====== Dataset content ======

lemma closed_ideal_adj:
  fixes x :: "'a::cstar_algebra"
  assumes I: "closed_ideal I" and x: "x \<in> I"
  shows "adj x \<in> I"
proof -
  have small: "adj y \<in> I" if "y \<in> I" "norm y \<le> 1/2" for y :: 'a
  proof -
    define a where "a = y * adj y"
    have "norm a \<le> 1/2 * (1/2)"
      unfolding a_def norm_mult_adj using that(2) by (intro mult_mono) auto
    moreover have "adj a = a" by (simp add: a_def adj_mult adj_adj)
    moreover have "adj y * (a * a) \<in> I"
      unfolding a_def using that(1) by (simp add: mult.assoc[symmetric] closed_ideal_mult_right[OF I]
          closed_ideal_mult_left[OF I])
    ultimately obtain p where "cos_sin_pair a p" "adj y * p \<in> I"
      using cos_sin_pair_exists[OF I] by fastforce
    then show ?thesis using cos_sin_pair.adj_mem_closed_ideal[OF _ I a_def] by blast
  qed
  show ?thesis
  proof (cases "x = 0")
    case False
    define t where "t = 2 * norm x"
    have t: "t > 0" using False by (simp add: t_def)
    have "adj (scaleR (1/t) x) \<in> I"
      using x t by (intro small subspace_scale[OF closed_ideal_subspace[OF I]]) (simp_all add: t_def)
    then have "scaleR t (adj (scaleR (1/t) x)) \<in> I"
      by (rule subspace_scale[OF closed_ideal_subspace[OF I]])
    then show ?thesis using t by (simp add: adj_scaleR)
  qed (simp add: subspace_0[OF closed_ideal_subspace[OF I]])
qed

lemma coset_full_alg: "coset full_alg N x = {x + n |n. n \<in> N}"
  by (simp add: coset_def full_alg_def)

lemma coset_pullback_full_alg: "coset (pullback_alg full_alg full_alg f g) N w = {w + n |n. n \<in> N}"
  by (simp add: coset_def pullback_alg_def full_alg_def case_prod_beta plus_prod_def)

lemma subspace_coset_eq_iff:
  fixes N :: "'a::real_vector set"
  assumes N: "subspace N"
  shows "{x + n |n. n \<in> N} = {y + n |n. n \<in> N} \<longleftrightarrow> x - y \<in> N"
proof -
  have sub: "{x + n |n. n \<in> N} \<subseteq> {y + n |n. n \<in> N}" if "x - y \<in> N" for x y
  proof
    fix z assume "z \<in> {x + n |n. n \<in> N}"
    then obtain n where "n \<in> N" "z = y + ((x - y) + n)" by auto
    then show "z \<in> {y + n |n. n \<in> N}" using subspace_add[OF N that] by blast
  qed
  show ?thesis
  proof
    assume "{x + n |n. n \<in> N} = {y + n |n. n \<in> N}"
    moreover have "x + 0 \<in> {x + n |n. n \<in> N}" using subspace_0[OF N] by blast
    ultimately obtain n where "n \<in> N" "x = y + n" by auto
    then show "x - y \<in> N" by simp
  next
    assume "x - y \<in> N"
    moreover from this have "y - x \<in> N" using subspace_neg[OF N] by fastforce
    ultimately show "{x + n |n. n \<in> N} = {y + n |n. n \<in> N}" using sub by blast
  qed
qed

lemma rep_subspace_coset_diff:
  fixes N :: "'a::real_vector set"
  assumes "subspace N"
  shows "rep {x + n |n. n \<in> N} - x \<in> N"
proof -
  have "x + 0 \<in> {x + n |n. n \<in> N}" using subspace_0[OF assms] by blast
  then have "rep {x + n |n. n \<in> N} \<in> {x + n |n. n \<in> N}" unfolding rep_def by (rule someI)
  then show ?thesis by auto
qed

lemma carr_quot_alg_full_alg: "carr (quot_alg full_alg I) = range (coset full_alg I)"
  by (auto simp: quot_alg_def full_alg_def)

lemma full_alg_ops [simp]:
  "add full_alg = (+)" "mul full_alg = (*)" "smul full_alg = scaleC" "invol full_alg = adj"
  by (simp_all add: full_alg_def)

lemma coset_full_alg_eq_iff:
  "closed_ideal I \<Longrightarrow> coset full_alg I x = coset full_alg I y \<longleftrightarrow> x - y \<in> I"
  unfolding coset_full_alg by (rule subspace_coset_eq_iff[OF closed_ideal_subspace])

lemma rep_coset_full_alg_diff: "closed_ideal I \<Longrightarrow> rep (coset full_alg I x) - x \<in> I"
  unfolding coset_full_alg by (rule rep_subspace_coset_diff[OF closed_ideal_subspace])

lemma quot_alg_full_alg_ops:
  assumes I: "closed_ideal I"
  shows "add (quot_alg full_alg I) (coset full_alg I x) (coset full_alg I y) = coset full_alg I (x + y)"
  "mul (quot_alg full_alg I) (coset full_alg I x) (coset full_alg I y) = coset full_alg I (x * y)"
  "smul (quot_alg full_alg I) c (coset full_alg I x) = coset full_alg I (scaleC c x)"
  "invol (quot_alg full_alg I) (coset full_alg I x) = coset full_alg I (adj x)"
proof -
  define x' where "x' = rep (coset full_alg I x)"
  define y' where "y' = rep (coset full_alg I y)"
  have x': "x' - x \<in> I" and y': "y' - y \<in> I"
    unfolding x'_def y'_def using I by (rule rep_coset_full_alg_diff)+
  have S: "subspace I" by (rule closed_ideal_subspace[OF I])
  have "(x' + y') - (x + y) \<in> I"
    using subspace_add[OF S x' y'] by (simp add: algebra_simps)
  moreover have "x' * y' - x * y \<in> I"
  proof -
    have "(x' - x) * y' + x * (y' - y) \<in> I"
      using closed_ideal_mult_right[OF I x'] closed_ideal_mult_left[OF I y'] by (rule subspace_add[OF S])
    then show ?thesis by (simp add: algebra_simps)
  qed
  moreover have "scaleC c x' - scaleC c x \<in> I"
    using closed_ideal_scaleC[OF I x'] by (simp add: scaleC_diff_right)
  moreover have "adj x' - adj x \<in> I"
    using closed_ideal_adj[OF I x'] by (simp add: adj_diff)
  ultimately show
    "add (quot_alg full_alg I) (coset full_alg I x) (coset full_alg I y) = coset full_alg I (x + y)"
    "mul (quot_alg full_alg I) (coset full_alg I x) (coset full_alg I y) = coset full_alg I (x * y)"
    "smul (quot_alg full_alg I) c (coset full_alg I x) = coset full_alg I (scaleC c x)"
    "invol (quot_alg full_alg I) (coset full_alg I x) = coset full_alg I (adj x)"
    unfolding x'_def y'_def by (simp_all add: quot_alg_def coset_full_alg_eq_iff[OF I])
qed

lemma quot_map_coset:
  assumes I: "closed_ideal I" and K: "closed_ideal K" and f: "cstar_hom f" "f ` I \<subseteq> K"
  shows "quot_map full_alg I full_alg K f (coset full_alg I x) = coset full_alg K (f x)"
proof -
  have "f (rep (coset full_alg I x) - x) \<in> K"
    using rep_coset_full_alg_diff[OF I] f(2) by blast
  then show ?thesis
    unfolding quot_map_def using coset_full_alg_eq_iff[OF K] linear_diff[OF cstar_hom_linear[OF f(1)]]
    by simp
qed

======
====== Dataset content ======

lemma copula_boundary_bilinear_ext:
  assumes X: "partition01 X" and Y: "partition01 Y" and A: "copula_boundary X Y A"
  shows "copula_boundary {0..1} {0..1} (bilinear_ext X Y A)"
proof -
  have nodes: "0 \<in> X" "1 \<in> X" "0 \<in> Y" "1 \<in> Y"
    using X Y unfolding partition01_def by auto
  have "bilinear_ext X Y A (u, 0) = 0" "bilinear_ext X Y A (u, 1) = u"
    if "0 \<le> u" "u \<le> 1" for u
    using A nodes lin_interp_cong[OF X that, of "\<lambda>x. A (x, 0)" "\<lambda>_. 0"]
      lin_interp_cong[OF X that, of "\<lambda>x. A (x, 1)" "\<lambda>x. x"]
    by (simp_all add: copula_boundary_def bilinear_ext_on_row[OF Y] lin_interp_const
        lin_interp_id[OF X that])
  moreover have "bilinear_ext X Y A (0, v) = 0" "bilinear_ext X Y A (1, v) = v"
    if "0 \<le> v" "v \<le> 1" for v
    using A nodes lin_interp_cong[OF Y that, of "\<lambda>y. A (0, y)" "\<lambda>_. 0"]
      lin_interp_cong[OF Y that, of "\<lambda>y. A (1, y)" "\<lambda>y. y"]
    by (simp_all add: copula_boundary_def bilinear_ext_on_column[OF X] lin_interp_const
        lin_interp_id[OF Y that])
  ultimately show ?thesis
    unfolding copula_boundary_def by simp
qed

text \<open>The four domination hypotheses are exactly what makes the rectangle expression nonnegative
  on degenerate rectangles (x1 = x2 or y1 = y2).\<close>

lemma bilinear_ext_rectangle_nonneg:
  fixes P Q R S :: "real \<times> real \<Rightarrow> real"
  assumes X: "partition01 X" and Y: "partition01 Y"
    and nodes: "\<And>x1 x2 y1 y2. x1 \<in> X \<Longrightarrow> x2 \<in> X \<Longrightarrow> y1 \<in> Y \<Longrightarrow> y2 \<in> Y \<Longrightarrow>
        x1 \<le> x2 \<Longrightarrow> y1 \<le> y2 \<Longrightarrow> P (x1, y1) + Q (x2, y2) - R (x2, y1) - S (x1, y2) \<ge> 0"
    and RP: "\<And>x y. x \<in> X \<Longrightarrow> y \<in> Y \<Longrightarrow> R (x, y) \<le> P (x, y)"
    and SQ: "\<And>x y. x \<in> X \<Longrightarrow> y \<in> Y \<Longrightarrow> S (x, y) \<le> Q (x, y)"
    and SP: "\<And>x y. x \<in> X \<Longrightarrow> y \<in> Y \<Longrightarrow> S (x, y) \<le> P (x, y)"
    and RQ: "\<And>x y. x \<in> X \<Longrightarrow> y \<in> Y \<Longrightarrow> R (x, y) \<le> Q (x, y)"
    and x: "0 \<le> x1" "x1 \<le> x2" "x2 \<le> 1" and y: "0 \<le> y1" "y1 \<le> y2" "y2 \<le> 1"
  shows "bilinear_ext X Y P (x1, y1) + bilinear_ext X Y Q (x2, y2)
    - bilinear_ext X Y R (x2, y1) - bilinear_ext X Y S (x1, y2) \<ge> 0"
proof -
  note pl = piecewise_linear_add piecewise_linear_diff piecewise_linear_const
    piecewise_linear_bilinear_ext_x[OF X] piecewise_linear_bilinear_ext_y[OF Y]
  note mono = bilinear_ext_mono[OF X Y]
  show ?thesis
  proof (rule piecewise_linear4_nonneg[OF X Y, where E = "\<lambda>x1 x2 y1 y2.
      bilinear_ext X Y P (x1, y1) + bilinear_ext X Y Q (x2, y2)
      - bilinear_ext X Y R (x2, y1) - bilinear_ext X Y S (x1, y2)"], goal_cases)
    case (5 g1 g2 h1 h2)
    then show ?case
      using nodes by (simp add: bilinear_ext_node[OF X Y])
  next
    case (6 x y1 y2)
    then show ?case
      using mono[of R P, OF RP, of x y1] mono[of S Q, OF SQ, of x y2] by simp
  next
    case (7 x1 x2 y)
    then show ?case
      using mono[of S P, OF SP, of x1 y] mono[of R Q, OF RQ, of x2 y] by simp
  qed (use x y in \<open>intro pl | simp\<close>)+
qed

======

▸ Exercise instructions
All that is needed is how many lines of the data contain "fastforce", stated as a number.

▸ Response to the task
2